▶ **ACTIVITY**
In the records that follow, the lines from the one containing "g) = twist q" to the one containing "0 \<Longrightarrow> lder", inclusive, are to be given again exactly.

▶ **DATA FOR PROCESSING**
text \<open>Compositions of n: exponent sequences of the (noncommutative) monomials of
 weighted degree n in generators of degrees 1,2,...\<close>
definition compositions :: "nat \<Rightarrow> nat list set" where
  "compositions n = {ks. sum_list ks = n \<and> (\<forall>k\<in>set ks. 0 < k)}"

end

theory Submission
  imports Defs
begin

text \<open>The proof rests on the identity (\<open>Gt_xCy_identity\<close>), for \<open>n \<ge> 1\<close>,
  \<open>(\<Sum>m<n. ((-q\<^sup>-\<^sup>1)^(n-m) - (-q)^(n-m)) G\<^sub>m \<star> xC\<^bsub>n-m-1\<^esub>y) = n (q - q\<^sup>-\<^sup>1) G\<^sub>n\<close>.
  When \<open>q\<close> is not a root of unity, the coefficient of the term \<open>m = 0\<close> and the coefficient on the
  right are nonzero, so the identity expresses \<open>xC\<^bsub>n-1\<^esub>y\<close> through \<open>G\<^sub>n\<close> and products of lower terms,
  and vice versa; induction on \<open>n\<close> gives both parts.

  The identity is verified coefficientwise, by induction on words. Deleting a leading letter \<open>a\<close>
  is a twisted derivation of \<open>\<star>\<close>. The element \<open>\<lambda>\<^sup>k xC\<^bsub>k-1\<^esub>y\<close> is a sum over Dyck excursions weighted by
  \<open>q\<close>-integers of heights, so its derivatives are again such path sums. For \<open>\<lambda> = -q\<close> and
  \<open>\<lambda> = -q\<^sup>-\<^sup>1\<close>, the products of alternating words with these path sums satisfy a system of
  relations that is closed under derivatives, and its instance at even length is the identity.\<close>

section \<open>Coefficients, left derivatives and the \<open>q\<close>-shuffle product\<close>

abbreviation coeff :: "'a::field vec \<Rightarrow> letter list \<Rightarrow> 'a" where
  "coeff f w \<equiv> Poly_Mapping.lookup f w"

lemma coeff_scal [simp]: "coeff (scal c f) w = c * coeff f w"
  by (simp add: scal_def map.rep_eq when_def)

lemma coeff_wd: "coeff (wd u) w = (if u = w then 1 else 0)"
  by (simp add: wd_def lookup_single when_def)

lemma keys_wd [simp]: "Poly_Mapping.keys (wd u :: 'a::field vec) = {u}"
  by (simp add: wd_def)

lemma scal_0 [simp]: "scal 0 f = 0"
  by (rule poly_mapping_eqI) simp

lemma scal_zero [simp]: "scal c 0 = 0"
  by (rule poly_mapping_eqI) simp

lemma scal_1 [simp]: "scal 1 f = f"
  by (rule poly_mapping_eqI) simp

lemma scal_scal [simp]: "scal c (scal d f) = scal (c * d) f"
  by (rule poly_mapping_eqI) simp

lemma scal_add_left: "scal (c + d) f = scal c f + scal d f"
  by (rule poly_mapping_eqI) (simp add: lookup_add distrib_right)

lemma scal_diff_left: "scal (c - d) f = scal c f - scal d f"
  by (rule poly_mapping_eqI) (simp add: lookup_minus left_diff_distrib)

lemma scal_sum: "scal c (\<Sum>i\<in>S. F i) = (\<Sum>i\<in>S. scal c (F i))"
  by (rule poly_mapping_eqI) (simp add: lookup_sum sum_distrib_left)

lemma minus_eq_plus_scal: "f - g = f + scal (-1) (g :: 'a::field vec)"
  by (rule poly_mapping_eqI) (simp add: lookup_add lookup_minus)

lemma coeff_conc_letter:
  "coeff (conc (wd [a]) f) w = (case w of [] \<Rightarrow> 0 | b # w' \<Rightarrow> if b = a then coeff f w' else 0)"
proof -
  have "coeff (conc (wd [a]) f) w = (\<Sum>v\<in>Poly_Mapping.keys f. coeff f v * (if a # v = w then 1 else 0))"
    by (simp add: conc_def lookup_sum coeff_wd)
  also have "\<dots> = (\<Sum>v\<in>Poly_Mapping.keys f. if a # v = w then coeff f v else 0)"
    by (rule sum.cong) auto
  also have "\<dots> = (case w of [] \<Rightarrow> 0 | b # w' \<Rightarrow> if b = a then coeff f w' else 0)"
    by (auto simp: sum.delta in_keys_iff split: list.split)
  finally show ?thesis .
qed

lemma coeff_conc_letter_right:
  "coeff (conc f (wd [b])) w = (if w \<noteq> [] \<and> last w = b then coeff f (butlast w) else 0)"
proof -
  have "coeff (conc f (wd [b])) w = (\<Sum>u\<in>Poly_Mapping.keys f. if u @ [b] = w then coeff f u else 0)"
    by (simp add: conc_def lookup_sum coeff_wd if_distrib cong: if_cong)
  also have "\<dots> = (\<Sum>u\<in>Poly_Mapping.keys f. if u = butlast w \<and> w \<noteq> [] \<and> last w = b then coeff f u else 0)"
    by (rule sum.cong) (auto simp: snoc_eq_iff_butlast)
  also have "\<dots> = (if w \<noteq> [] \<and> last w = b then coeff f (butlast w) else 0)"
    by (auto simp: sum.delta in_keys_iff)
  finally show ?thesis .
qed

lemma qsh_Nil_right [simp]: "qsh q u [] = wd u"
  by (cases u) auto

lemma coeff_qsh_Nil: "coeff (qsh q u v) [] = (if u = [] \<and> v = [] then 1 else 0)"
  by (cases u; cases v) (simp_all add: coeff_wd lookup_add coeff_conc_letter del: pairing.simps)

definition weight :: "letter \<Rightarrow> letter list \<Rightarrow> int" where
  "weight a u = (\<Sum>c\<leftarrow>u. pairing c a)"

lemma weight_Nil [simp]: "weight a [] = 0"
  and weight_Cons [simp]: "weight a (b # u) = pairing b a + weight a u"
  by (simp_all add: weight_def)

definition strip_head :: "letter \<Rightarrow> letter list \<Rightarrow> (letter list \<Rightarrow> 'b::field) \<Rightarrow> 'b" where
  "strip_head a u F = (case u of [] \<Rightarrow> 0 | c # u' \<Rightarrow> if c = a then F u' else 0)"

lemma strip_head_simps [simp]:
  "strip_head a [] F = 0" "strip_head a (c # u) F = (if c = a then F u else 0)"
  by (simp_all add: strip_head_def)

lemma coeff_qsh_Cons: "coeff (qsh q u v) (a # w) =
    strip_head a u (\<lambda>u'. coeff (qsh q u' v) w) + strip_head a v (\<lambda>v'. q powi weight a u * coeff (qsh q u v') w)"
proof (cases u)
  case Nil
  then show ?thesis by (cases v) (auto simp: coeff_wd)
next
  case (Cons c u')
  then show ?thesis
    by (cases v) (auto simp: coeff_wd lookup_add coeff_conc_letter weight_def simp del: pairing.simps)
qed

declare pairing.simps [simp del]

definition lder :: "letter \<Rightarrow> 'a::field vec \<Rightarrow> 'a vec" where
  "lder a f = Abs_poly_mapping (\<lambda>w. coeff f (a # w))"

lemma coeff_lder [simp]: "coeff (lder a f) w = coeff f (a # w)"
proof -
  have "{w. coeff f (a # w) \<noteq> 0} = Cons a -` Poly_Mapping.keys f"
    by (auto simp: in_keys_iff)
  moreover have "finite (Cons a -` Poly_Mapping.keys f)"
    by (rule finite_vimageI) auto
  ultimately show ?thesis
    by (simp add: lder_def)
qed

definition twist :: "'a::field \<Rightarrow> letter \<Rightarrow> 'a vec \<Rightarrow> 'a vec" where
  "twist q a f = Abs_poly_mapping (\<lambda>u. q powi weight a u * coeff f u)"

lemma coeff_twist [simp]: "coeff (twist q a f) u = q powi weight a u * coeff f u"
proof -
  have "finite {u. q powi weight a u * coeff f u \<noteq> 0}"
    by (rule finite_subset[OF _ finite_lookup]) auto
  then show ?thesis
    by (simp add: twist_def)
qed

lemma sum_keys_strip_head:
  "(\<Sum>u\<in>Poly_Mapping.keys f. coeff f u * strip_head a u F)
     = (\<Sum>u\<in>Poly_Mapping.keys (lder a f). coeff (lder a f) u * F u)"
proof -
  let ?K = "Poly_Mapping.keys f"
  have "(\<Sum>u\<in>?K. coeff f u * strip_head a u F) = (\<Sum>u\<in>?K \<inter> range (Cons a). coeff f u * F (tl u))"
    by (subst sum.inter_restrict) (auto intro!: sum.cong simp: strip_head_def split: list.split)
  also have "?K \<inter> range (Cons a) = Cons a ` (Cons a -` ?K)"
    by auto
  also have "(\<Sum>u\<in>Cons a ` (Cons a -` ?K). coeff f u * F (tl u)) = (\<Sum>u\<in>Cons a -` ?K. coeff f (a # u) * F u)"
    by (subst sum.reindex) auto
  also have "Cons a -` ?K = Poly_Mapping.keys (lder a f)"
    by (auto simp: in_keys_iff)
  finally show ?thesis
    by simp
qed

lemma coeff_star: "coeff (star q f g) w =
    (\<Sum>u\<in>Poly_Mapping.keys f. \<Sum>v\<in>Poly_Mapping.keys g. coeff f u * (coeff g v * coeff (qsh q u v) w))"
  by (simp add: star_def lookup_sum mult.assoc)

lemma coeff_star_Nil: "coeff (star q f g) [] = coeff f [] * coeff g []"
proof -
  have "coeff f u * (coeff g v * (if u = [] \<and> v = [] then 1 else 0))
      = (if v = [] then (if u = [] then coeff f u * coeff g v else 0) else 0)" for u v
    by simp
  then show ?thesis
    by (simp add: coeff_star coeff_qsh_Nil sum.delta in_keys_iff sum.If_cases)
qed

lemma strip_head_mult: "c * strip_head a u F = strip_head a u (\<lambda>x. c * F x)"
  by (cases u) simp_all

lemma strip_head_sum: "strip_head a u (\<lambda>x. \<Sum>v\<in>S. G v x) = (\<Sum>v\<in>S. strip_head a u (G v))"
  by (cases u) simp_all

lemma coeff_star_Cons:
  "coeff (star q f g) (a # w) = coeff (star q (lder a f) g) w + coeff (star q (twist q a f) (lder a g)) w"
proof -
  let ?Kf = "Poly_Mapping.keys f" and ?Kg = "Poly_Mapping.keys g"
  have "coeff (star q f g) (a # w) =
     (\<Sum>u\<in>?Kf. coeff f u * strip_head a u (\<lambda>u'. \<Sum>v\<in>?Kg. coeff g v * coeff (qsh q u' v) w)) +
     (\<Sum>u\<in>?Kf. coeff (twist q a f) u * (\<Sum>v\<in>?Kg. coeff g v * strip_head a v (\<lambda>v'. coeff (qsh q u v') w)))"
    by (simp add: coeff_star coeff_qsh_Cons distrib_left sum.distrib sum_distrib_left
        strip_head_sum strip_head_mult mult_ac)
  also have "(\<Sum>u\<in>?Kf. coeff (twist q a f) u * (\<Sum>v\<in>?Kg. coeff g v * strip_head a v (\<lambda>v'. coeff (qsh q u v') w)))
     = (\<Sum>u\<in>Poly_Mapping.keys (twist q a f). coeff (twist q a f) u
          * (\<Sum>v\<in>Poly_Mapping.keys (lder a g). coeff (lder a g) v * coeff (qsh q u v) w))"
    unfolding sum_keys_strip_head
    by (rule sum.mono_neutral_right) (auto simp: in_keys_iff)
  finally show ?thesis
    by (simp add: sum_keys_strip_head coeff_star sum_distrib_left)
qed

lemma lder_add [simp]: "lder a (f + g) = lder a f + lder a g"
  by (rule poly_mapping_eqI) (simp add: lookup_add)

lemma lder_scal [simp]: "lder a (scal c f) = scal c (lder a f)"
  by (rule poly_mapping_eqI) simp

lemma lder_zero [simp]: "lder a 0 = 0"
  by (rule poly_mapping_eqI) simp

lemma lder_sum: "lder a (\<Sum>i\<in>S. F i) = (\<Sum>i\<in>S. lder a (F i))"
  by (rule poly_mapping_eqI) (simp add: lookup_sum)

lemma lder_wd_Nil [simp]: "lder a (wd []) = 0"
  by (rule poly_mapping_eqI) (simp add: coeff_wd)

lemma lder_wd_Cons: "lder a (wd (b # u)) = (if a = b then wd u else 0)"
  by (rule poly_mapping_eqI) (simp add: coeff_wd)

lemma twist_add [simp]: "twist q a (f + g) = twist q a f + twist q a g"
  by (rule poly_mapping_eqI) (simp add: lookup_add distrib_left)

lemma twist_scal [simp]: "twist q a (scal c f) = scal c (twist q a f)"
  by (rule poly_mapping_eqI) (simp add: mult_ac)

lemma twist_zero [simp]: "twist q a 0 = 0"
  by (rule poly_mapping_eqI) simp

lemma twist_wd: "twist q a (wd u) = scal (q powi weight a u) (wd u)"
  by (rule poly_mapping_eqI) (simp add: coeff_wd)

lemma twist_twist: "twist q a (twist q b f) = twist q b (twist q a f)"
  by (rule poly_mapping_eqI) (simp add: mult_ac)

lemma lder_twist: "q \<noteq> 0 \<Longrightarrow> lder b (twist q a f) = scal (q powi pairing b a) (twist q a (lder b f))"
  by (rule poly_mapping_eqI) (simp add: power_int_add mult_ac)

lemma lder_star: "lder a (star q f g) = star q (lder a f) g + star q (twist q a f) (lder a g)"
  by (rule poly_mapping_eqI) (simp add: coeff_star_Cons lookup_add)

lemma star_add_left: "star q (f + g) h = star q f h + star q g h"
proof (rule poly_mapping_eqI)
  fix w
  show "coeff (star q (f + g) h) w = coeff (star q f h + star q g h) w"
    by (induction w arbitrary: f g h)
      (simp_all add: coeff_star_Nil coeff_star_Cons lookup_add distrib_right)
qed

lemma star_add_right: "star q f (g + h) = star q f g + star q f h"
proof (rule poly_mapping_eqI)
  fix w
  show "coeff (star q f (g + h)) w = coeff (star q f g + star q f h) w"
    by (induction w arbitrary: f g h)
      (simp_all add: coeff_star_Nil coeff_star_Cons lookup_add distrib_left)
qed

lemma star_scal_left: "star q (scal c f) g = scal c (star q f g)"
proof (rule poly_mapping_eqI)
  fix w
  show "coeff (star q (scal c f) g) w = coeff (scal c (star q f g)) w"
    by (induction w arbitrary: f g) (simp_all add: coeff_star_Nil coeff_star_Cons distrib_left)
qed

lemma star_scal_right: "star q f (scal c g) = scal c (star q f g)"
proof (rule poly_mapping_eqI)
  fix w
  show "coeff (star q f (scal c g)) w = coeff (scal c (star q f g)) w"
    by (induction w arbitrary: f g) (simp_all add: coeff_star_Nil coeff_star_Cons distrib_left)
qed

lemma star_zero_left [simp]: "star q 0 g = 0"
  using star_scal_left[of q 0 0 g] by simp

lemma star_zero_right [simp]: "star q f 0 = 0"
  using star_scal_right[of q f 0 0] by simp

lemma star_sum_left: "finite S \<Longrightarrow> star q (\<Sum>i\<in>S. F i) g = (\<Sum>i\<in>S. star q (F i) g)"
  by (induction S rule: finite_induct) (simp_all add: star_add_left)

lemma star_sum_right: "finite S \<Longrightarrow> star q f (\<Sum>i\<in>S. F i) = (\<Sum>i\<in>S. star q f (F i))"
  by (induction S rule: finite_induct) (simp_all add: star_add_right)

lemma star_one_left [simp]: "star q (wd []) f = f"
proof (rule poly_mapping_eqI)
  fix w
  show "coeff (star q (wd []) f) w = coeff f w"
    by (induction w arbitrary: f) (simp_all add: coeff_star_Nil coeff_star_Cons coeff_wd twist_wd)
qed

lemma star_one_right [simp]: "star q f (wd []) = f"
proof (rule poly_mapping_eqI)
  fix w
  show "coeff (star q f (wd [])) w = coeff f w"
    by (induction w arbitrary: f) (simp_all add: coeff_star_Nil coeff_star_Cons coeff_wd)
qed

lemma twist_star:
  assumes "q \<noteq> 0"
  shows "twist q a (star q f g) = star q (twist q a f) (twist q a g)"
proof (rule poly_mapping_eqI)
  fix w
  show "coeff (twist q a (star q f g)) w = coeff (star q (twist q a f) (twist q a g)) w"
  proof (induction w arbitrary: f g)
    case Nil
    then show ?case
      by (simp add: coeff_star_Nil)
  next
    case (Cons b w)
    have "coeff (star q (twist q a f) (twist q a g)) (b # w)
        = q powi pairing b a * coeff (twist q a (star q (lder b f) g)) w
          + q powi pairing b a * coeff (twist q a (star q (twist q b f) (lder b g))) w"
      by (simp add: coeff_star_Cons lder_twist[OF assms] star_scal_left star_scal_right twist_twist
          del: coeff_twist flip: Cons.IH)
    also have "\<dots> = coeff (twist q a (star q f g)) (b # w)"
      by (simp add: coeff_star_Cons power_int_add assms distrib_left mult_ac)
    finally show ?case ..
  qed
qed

▶ **TASK ANSWER**
lemma twist_add [simp]: "twist q a (f + g) = twist q a f + twist q a g"
  by (rule poly_mapping_eqI) (simp add: lookup_add distrib_left)

lemma twist_scal [simp]: "twist q a (scal c f) = scal c (twist q a f)"
  by (rule poly_mapping_eqI) (simp add: mult_ac)

lemma twist_zero [simp]: "twist q a 0 = 0"
  by (rule poly_mapping_eqI) simp

lemma twist_wd: "twist q a (wd u) = scal (q powi weight a u) (wd u)"
  by (rule poly_mapping_eqI) (simp add: coeff_wd)

lemma twist_twist: "twist q a (twist q b f) = twist q b (twist q a f)"
  by (rule poly_mapping_eqI) (simp add: mult_ac)

lemma lder_twist: "q \<noteq> 0 \<Longrightarrow> lder b (twist q a f) = scal (q powi pairing b a) (twist q a (lder b f))"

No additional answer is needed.